Aziz’e verir. (s.289 vd.)

Bebeğinin kendisinden alınması Arap kadını çok etkiler. Kadın çok derin ruhsal

sarsıntı yaşar. Kocasının katı tutumu, azarlamaları, darbeleri sonunda trenden

kadının cesedi çıkar. Bu doğumun ölümüdür. Bebeğinin kendisinden alınmasıyla

kadın zaten öldürülmüş olmaktadır.

Rojda ve Aziz bebeklerine ‘Delal’ adını verirler. Delal, lise çağına geldiği zaman,

sınıflarında, Fikret isimli bir gence duygusal olarak bağlanır. Fikret de Delal’ı

sevmektedir. (s. 345 vd.) Fikret’in, yazının başında katledildiğini anlatmaya

çalıştığımız dedenin küçük torunu olduğunu anlıyoruz.

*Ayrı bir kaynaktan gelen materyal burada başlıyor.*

lemma esssup_abs_nonneg: "0 \<le> esssup lborel (\<lambda>x::real. ereal \<bar>f x\<bar>)"
proof (rule ccontr)
  assume "\<not> 0 \<le> esssup lborel (\<lambda>x::real. ereal \<bar>f x\<bar>)"
  then have neg: "esssup lborel (\<lambda>x::real. ereal \<bar>f x\<bar>) < 0"
    by simp
  have "AE x in lborel. ereal \<bar>f x\<bar> \<le> esssup lborel (\<lambda>x::real. ereal \<bar>f x\<bar>)"
    by (rule esssup_AE)
  then have "AE x in (lborel::real measure). False"
    by eventually_elim (use neg in \<open>metis abs_ge_zero ereal_less_eq(5) not_le order_le_less_trans\<close>)
  then have "ae_filter (lborel::real measure) = bot"
    using trivial_limit_def by blast
  then show False
    by (simp add: ae_filter_eq_bot_iff)
qed

lemma Lpnorm_nonneg: "0 \<le> Lpnorm p f"
  by (simp add: Lpnorm_def esssup_abs_nonneg real_of_ereal_pos)

lemma memLp_top_bounded:
  assumes "memLp top f"
  obtains M where "0 \<le> M" and "AE x in lborel. \<bar>f x\<bar> \<le> M"
proof -
  define e where "e = esssup lborel (\<lambda>x. ereal \<bar>f x\<bar>)"
  have e: "e < \<infinity>"
    using assms by (simp add: memLp_def e_def)
  have "AE x in lborel. ereal \<bar>f x\<bar> \<le> e"
    unfolding e_def by (rule esssup_AE)
  then have "AE x in lborel. \<bar>f x\<bar> \<le> max 0 (real_of_ereal e)"
    by eventually_elim (use e in \<open>cases e; auto\<close>)
  then show ?thesis
    by (intro that[of "max 0 (real_of_ereal e)"]) auto
qed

Sınıfta başka kızlar da Fikret’e ilgi duyarlar. Ama Fikret onlara yüz vermez. Bu

kızlardan biri Betül’dür. Betül okula Servis arabasıyla gidip gelmektedir. (s. 262

vd.) Babası orduda görevlidir. Fikret’in ve Delal’in kendisine yüz

vermemelerinden dolayı, onlara karşı kin beslemeye başlar. ‘Sizden intikamımı

alırım’ duyguları gittikçe kökleşir.

Bir gün, özel timler, Fikretgilin evlerine baskın yapar. Baskın sırasında baba

öldürülür. Babasını korumaya çalışan Fikret de öldürülür. Eşini ve oğlunu

korumak için özel timlerin önünde duran Kevok kadın, çok ağır yaralanır. Bu

olaydan sonra, Kevok Kadın, ‘Hejaaaa, Hejaaa, Hejaa’ diyerek, eşine ve oğluna

kavuşmak için sokaklara düşer, kırlara açılır. (s.400 vd.)

Fikret’in ve babasının öldürülmesinden sonra, özel timler arasında geçen

konuşma şöyledir:

Geberdi mi la bunlar, sesleri çıkmıyor.

Gebersinler. Dirilerine para mı verdik.

Şaka yapmıyorum oğlum, gerçekten mort olmuşlar.

İyi ya iki pislikten daha kurtulduk.

Ne yapacağız peki,

Diğerlerine ne yaptıysak, gömeriz, olur, biter. (s. 400)

Kevok kadın…

Kevok, dedenin oğlunun eşidir, Fikret’in anasının adıdır. Dedenin

katledilmesinden, kendisinin ve bütün ailenin darbedilmesinden sonra derin bir

ruhsal sarsıntı yaşamıştır, hiç konuşmamaktadır. Oğlu, Fikret, sık sık ‘diya min’

diyerek, ‘bir tek kelime söyle…’ diye sevgisini ortaya koymaktadır. Kevok kadın,

bu sevgiyi duyumsamakta, eşine ve oğluna karşı sevgisin belli etmekte ama hiç

konuşmamaktadır. Evlerine, özel timler tarafından baskın yapıldığı, eşini ve

oğlunu korumak için özel timlerin önüne dikildiği gün, ağzından ‘Hejaaa,

Hejaaa, Hejaa… ‘ diye tek kelime çıkmıştır. Eşinin ve oğlunun katledilmesinden

sonra, onların arkalarından, onlara kavuşmak için sokaklara düşmüş, kırlara

açılmıştır.

“…Yürüdü, koştu, yürüdü. Düştü, kalktı, yürüdü, yürüdü.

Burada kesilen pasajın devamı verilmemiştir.